## WORK INSTRUCTIONS
Please copy the lines below exactly, from the first one through the line showing "int) set \<Rightarrow>".

═════ INPUT DATA

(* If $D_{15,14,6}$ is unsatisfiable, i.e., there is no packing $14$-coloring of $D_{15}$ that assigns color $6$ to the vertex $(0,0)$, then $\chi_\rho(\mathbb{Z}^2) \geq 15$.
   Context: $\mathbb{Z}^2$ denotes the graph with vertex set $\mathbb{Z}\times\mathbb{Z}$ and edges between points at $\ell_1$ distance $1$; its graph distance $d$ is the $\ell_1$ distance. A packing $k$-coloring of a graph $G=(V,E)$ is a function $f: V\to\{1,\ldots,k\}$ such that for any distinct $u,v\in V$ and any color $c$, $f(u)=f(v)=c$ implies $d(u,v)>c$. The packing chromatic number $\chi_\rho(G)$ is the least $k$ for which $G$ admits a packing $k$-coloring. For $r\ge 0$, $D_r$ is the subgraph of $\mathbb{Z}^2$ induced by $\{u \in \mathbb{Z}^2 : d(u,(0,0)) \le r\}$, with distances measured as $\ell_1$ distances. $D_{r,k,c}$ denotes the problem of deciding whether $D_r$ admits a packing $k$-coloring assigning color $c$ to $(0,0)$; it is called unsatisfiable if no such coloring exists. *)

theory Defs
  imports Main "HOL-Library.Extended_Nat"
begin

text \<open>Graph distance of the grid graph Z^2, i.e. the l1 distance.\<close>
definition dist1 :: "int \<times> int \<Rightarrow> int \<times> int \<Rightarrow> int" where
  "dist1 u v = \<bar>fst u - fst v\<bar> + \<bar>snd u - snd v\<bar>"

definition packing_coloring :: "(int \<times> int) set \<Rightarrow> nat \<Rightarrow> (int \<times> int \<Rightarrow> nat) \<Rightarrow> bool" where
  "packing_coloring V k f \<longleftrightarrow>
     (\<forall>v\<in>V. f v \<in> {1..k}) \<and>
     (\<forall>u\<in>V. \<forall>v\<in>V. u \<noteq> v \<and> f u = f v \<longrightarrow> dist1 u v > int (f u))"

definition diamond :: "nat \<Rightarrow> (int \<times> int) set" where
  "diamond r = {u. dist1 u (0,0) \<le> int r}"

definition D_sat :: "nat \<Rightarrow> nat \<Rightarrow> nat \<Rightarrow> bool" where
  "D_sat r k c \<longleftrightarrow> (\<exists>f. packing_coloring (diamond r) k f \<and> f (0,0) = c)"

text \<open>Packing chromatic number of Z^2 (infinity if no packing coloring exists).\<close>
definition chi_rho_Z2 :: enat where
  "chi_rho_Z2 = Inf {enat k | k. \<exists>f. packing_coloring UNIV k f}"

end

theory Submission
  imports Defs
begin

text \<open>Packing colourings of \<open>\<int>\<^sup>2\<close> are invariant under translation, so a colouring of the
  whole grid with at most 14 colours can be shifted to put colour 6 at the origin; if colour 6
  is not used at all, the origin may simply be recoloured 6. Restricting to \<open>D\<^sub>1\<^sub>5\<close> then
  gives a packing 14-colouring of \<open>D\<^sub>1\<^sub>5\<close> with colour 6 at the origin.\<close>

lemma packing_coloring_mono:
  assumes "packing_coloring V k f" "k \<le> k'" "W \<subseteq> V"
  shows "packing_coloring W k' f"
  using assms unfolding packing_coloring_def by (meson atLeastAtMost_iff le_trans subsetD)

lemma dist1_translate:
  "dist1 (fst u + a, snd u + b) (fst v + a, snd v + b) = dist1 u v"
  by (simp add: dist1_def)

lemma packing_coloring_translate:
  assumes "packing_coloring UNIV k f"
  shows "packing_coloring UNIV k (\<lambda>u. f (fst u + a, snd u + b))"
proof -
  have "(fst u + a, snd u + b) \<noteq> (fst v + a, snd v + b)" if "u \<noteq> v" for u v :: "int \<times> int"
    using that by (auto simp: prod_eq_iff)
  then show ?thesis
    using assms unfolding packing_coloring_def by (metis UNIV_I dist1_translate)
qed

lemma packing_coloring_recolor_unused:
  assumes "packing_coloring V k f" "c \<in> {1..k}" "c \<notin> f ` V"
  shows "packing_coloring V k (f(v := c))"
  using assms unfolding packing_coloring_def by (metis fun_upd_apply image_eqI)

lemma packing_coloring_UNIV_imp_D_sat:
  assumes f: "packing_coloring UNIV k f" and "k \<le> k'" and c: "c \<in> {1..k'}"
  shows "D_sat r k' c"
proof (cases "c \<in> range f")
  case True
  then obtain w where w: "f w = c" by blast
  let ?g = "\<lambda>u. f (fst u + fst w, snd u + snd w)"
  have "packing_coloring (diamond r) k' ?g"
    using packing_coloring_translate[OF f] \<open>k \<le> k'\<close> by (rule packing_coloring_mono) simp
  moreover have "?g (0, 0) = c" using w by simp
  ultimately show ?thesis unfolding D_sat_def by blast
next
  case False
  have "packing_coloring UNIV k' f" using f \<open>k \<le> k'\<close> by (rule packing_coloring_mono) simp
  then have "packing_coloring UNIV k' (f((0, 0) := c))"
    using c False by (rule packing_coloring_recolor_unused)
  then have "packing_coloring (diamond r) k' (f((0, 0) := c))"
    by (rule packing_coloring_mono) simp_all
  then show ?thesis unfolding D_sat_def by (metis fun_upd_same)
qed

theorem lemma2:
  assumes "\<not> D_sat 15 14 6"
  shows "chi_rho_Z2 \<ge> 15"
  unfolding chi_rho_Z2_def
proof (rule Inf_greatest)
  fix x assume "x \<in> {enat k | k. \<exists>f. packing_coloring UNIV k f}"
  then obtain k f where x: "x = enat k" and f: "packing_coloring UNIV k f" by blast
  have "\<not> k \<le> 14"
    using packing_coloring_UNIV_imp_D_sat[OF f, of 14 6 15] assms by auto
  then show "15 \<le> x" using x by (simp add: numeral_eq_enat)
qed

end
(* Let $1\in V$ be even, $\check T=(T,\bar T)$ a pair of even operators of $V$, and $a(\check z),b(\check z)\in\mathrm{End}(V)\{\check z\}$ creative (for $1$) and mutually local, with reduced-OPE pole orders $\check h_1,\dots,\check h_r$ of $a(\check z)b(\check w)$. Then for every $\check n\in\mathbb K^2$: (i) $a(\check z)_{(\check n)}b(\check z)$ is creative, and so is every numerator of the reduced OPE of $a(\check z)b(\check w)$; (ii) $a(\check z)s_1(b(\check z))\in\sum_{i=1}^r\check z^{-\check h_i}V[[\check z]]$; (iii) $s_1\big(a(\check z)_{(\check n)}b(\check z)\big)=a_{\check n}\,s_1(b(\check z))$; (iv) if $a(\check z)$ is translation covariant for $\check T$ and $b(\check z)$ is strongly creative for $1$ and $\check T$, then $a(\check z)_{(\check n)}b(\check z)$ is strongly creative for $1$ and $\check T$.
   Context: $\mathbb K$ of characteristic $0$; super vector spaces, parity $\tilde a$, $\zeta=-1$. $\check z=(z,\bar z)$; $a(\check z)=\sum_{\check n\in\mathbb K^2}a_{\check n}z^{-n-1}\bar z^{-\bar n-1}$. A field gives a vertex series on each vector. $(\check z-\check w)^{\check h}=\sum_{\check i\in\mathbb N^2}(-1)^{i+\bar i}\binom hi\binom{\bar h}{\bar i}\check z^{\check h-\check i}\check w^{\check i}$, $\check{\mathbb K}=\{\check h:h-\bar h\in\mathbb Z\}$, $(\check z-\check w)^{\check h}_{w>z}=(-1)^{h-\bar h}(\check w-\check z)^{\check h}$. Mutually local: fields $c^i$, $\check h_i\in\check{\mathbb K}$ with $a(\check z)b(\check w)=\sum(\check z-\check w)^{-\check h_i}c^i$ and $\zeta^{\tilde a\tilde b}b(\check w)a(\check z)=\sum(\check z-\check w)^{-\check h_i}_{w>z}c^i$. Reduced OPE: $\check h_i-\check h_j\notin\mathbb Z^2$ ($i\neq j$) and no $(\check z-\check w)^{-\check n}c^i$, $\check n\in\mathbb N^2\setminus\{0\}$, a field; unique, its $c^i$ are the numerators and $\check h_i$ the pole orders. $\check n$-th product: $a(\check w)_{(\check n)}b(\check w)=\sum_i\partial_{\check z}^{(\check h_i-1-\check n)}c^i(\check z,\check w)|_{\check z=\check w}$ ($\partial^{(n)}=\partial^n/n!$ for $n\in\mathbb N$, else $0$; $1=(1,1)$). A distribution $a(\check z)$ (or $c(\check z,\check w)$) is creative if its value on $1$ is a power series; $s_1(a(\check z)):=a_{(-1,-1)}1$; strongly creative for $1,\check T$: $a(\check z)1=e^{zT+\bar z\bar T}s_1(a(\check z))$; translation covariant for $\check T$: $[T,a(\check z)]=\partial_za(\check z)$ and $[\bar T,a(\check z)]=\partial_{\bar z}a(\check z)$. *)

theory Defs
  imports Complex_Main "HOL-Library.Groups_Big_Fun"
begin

══════════

## FINISHED EXERCISE
(* If $D_{15,14,6}$ is unsatisfiable, i.e., there is no packing $14$-coloring of $D_{15}$ that assigns color $6$ to the vertex $(0,0)$, then $\chi_\rho(\mathbb{Z}^2) \geq 15$.
   Context: $\mathbb{Z}^2$ denotes the graph with vertex set $\mathbb{Z}\times\mathbb{Z}$ and edges between points at $\ell_1$ distance $1$; its graph distance $d$ is the $\ell_1$ distance. A packing $k$-coloring of a graph $G=(V,E)$ is a function $f: V\to\{1,\ldots,k\}$ such that for any distinct $u,v\in V$ and any color $c$, $f(u)=f(v)=c$ implies $d(u,v)>c$. The packing chromatic number $\chi_\rho(G)$ is the least $k$ for which $G$ admits a packing $k$-coloring. For $r\ge 0$, $D_r$ is the subgraph of $\mathbb{Z}^2$ induced by $\{u \in \mathbb{Z}^2 : d(u,(0,0)) \le r\}$, with distances measured as $\ell_1$ distances. $D_{r,k,c}$ denotes the problem of deciding whether $D_r$ admits a packing $k$-coloring assigning color $c$ to $(0,0)$; it is called unsatisfiable if no such coloring exists. *)

theory Defs
  imports Main "HOL-Library.Extended_Nat"
begin

text \<open>Graph distance of the grid graph Z^2, i.e. the l1 distance.\<close>
definition dist1 :: "int \<times> int \<Rightarrow> int \<times> int \<Rightarrow> int" where
  "dist1 u v = \<bar>fst u - fst v\<bar> + \<bar>snd u - snd v\<bar>"

definition packing_coloring :: "(int \<times> int) set \<Rightarrow> nat \<Rightarrow> (int \<times> int \<Rightarrow> nat) \<Rightarrow> bool" where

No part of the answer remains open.